To derive the expression for the torque vector about the axis through the oar's pivot, we need to consider the force applied by Dima and the lever arm.
Dima exerts a force F = 121 N in the y-direction on the end of a 2.00 m-long oar. The oar is angled at 36.0° with respect to the water's surface. The torque vector can be expressed as 7 = Txi + Tyj + T₂k, where 7 represents the torque vector in N-m.

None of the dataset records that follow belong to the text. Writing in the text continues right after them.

lemma first_occ_pos:
  assumes "C \<in> rev_class ` factors u n" "C \<noteq> rev_class (seg u 0 n)"
  shows "0 < first_occ u n C"
proof (rule ccontr)
  assume "\<not> 0 < first_occ u n C"
  then have "seg u 0 n \<in> C"
    using first_occ_mem[OF assms(1)] by simp
  then show False
    using rev_class_eqI[OF assms(1)] assms(2) by blast
qed

lemma left_extension_not_palindrome:
  assumes "C \<in> rev_class ` factors u n" "C \<noteq> rev_class (seg u 0 n)"
  shows "left_extension u n C \<in> rev_class ` {w \<in> factors u (n + 1). \<not> palindrome w}"
proof -
  define j where "j = first_occ u n C"
  have "0 < j"
    using first_occ_pos[OF assms] by (simp add: j_def)
  have "\<not> palindrome (seg u (j - 1) (n + 1))"
  proof
    assume "palindrome (seg u (j - 1) (n + 1))"
    then have "seg u (j - 1) n = rev (seg u j n)"
      using seg_rev_shift[of u "j - 1" n "j - 1"] \<open>0 < j\<close> by (simp add: palindrome_def)
    then have "seg u (j - 1) n \<in> C"
      using rev_class_rev_mem[OF assms(1) first_occ_mem[OF assms(1)]] by (simp add: j_def)
    then have "j \<le> j - 1"
      unfolding j_def by (rule first_occ_le)
    with \<open>0 < j\<close> show False
      by simp
  qed
  then show ?thesis
    by (auto simp: left_extension_def j_def seg_in_factors)
qed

The torque vector is given by the cross product of the force vector and the lever arm vector. The lever arm vector points from the pivot point to the point of application of the force. In this case, the force exerted by Dima is in the y-direction, so the Torque vector will have components in the x, y, and z directions.
To calculate the torque vector, we first need to find the lever arm vector. Since the oar pivots about its midpoint, the lever arm vector will have a magnitude equal to half the length of the oar, which is 1.00 m. The direction of the lever arm vector will depend on the angle between the oar and the water's surface.
Using trigonometry, we can find the components of the lever arm vector. The x-component will be 1.00 m * sin(36.0°) since it is perpendicular to the yz-plane. The y-component will be 1.00 m * cos(36.0°) since it is parallel to the water's surface.
Now, we can calculate the torque vector by taking the cross product of the force vector (121 N in the y-direction) and the lever arm vector.
The resulting torque vector will have an x-component (Tx) in the positive x-direction, a y-component (Ty) in the negative z-direction, and a z-component (T₂) in the negative y-direction.
Therefore, the torque vector can be expressed as 7 = Txi + Tyj + T₂k, where 7 represents the torque vector in N-m.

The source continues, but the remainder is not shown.